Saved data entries
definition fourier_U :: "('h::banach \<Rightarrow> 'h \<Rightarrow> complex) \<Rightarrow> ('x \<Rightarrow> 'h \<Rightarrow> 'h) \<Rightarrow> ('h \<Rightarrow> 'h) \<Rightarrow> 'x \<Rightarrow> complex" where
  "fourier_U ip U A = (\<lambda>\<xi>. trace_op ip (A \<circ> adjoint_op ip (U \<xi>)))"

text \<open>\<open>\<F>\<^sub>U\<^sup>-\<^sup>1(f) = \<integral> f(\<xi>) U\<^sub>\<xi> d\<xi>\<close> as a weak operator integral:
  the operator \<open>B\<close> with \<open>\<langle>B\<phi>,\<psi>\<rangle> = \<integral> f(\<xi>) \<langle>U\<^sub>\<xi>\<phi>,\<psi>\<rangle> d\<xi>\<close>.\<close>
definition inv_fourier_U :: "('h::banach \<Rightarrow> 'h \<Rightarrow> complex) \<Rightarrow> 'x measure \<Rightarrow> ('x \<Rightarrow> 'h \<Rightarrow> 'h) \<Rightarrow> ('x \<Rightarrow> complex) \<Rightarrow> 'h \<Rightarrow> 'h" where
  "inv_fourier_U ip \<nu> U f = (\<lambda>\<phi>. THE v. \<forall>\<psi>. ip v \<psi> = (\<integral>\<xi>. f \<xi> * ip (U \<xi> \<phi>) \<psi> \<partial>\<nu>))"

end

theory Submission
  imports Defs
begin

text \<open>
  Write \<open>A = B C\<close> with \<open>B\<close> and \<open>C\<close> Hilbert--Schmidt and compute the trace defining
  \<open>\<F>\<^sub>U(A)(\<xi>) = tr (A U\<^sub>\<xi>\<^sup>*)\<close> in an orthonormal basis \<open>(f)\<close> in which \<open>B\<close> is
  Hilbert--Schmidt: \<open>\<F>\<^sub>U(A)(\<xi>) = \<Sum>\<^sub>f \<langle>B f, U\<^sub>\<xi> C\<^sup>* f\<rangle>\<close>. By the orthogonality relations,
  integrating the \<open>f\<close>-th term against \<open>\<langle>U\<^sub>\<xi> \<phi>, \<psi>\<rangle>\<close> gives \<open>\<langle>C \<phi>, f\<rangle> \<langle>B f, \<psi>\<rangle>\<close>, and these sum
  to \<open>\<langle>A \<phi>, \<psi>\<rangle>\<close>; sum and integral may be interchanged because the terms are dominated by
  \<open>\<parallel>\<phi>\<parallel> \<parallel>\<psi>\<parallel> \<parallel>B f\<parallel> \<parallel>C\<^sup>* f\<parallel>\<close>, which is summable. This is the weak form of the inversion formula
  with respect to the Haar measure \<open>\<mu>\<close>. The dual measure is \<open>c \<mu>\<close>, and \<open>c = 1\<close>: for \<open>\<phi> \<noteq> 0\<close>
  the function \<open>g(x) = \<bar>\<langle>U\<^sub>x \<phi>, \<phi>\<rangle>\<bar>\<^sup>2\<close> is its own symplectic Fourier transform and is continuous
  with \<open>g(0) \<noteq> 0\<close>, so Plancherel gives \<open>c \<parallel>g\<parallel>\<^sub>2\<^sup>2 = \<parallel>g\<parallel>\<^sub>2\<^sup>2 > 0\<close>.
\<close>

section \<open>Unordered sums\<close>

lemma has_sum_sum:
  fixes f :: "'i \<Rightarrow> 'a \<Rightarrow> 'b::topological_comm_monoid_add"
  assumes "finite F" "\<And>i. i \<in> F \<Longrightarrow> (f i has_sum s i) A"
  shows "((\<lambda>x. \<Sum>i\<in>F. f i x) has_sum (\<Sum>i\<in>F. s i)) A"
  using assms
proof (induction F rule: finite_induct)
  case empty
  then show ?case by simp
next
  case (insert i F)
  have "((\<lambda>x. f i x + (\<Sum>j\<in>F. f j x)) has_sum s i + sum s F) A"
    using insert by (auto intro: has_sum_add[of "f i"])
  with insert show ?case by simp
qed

What to work on
In the entries above, find each line with the word "gives" and show it.

The answer
  integrating the \<open>f\<close>-th term against \<open>\<langle>U\<^sub>\<xi> \<phi>, \<psi>\<rangle>\<close> gives \<open>\<langle>C \<phi>, f\<rangle> \<langle>B f, \<psi>\<rangle>\<close>, and these sum
  with \<open>g(0) \<noteq> 0\<close>, so Plancherel gives \<open>c \<parallel>g\<parallel>\<^sub>2\<^sup>2 = \<parallel>g\<parallel>\<^sub>2\<^sup>2 > 0\<close>.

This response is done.